Islamabad, (PTI): The ratio of foreign debt of cash-strapped Pakistan has shot up from 36.9 per cent in FY22 to 38.3 per cent in FY23, according to a media report on Friday.

The Ministry of Finance’s Annual Debt Review and Public Debt Bulletin FY2023 comes amid unchecked domestic inflation as the cash-strapped Pakistan’s economy has been in a free-fall mode for the last several years.

Terming it as “an alarming development”, Geo News said, the FY2023 Bulletin shows that “the total public debt peaked at Rs 62.88 trillion till the end of June 2023 against Rs 49.2 trillion, indicating that the total public debt increased by Rs 13.64 trillion during the last fiscal year 2022-23 in the tenure of Pakistan Democratic Movement (PDM) coalition government.” After giving details of the total outstanding guarantees to public sector enterprises, those issued to the oil and gas sector and the guarantees issued against commodity operations, the report said, the ratio of domestic debt to total public debt in percentage has gone down from 63.1 per cent in FY22 to 61.7 per cent in FY23, but at the same time, the ratio of foreign debt has gone up from 36.9 per cent to 38.3 per cent, showing an increase in the ratio of foreign loans by 1.4 per cent.

“The incidence of foreign loans going up clearly indicates that the pace of accumulation of foreign debt has outpaced domestic debt mainly because of massive depreciation on account of the exchange rate,” the GeoTV report said.

“Despite the net reduction in the stock of external debt (in USD) during FY23, the share of external debt in total public debt increased from 37 per cent at the end of June 2022 to 38 per cent at the end of June 2023,” it added.

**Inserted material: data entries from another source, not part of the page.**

theorem lemma2p17:
  fixes V :: "'v set" and E :: "'v set set" and d :: "'v \<Rightarrow> 'v set \<Rightarrow> nat"
    and \<alpha> :: "'v \<Rightarrow> nat" and u v :: 'v and e :: "'v set"
  assumes "splice_tree V E"
    and "pos_weights V E d"
    and "edge_determinant V E d"
    and "semigroup_cond V E d"
    and "u \<in> nodes V E" and "v \<in> nodes V E"
    and "e \<in> edges_at E v"
    and "admissible V E d v e \<alpha>"
  shows "dotp V E (wvec V E d u) (coweight V E \<alpha> v e) \<ge> ell V E d u v \<and>
         (dotp V E (wvec V E d u) (coweight V E \<alpha> v e) = ell V E d u v
            \<longleftrightarrow> e \<notin> geod_edges E u v)"
proof -
  \<comment> \<open>The semigroup condition only guarantees that admissible co-weights exist.\<close>
  interpret weighted_tree V E d
    using assms(1,2) unfolding splice_tree_def by unfold_locales auto
  have "dotp V E (wvec V E d u) (coweight V E \<alpha> v e) = (\<Sum>l\<in>Lset V E v e. \<alpha> l * ell V E d u l)"
    using dotp_wvec_coweight finite_V .
  then show ?thesis
    using sum_coweight_ell_eq_if_edge_off_geod[OF assms(5-8)]
      ell_less_sum_coweight_ell_if_edge_on_geod[OF assms(3,5-8)]
    by (cases "e \<in> geod_edges E u v") auto
qed

end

Earlier, after transferring USD 1.2 billion to the cash-strapped country in July, as part of the USD 3 billion bailout programme for nine months to support the government’s efforts to stabilise the country's ailing economy, the International Monetary Fund (IMF) is set to send its delegation to Pakistan in the last week of October to review the cash-strapped country’s economic performance in the first three months of the current fiscal year, a media report had said on October 3.

The report added that once the economic review is successfully completed, Pakistan will receive the next instalment of USD 700 million from the IMF after its board's approval.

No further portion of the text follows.